Top of DATA EXTRACT
lemma uniformly_continuous_on_norm_powr:
  fixes F :: "real \<Rightarrow> 'b::real_normed_vector"
  assumes "uniformly_continuous_on UNIV F" "bounded (range F)" "0 < p"
  shows "uniformly_continuous_on UNIV (\<lambda>t. norm (F t) powr p)"
proof -
  obtain K where K: "\<And>t. norm (F t) \<le> K"
    using assms(2) by (meson bounded_iff rangeI)
  have "uniformly_continuous_on UNIV (\<lambda>t. norm (F t))"
    using assms(1) by (rule uniformly_continuous_on_norm)
  moreover have "uniformly_continuous_on {0..K} (\<lambda>x::real. x powr p)"
    by (intro compact_uniformly_continuous continuous_on_powr')
      (use assms(3) in \<open>auto intro: continuous_intros\<close>)
  then have "uniformly_continuous_on (range (\<lambda>t. norm (F t))) (\<lambda>x::real. x powr p)"
    using K unfolding uniformly_continuous_on_def
    by (smt (verit, best) atLeastAtMost_iff norm_ge_zero rangeE)
  ultimately show ?thesis
    using uniformly_continuous_on_compose by blast
qed

lemma uniformly_continuous_on_UNIV_le:
  fixes \<phi> :: "real \<Rightarrow> real"
  assumes "uniformly_continuous_on UNIV \<phi>" "0 < e"
  obtains d where "0 < d" "\<And>s t. \<bar>s - t\<bar> \<le> d \<Longrightarrow> \<bar>\<phi> s - \<phi> t\<bar> \<le> e"
proof -
  obtain d where d: "0 < d" "\<And>x x'. dist x' x < d \<Longrightarrow> dist (\<phi> x') (\<phi> x) < e"
    using assms unfolding uniformly_continuous_on_def by blast
  show ?thesis
  proof (rule that[of "d/2"])
    fix s t :: real
    assume "\<bar>s - t\<bar> \<le> d/2"
    then show "\<bar>\<phi> s - \<phi> t\<bar> \<le> e"
      using d by (smt (verit) dist_real_def field_sum_of_halves)
  qed (use d in simp)
qed

definition window_integral :: "real \<Rightarrow> real \<Rightarrow> (real \<Rightarrow> complex) \<Rightarrow> real \<Rightarrow> real" where
  "window_integral p N F x = integral {x - N..x + N} (\<lambda>t. norm (F t) powr p)"

lemma window_integral_nonneg: "0 \<le> window_integral p N F x"
  unfolding window_integral_def
  by (cases "(\<lambda>t. norm (F t) powr p) integrable_on {x - N..x + N}")
    (auto intro: integral_nonneg simp: not_integrable_integral)

lemma continuous_on_norm_powr:
  fixes F :: "'a::topological_space \<Rightarrow> 'b::real_normed_vector"
  assumes "continuous_on S F" "0 < p"
  shows "continuous_on S (\<lambda>t. norm (F t) powr p)"
  using assms by (intro continuous_on_powr' continuous_intros) auto

lemma window_integral_powr_le_pN_norm:
  assumes "bounded (range F)" "continuous_on UNIV F" "0 < p" "0 \<le> N"
  shows "window_integral p N F x powr (1/p) \<le> pN_norm p N F"
proof -
  obtain K where K: "\<And>t. norm (F t) \<le> K"
    using assms(1) by (meson bounded_iff rangeI)
  have int: "(\<lambda>t. norm (F t) powr p) integrable_on {y - N..y + N}" for y
    by (rule integrable_continuous_interval)
      (use continuous_on_norm_powr[OF assms(2,3)] continuous_on_subset in blast)
  have "window_integral p N F y \<le> 2 * N * K powr p" for y
  proof -
    have "window_integral p N F y \<le> integral {y - N..y + N} (\<lambda>t. K powr p)"
      unfolding window_integral_def
      by (rule integral_le[OF int integrable_const_ivl]) (use K assms(3) in \<open>simp add: powr_mono2\<close>)
    then show ?thesis
      using assms(4) by simp
  qed
  then have "window_integral p N F y powr (1/p) \<le> (2 * N * K powr p) powr (1/p)" for y
    using window_integral_nonneg assms(3) by (simp add: powr_mono2)
  then show ?thesis
    unfolding pN_norm_def window_integral_def[symmetric]
    by (intro cSUP_upper bdd_aboveI2) auto
qed

lemma window_integral_le_pN_norm_powr:
  assumes "bounded (range F)" "continuous_on UNIV F" "0 < p" "0 \<le> N"
  shows "window_integral p N F x \<le> pN_norm p N F powr p"
proof -
  have "(window_integral p N F x powr (1/p)) powr p \<le> pN_norm p N F powr p"
    using window_integral_powr_le_pN_norm[OF assms] assms(3) by (simp add: powr_mono2)
  then show ?thesis
    using window_integral_nonneg assms(3) by (simp add: powr_powr)
qed

lemma pN_norm_nonneg:
  assumes "bounded (range F)" "continuous_on UNIV F" "0 < p" "0 \<le> N"
  shows "0 \<le> pN_norm p N F"
  using window_integral_powr_le_pN_norm[OF assms] powr_ge_zero order_trans by blast

lemma pN_norm_le_if_window_integral_le:
  assumes "\<And>x. window_integral p N F x \<le> B powr p" "0 \<le> B" "0 < p"
  shows "pN_norm p N F \<le> B"
  unfolding pN_norm_def window_integral_def[symmetric]
proof (rule cSUP_least)
  fix x
  have "window_integral p N F x powr (1/p) \<le> (B powr p) powr (1/p)"
    using assms window_integral_nonneg by (intro powr_mono2) auto
  also have "\<dots> = B"
    using assms by (simp add: powr_powr)
  finally show "window_integral p N F x powr (1/p) \<le> B" .
qed simp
Bottom of DATA EXTRACT
WORK REQUEST.
Using the listing, filter for "intro" and return the matching lines.

RESULT OF THIS TASK.
    by (intro compact_uniformly_continuous continuous_on_powr')
      (use assms(3) in \<open>auto intro: continuous_intros\<close>)
    (auto intro: integral_nonneg simp: not_integrable_integral)
  using assms by (intro continuous_on_powr' continuous_intros) auto
    by (intro cSUP_upper bdd_aboveI2) auto
    using assms window_integral_nonneg by (intro powr_mono2) auto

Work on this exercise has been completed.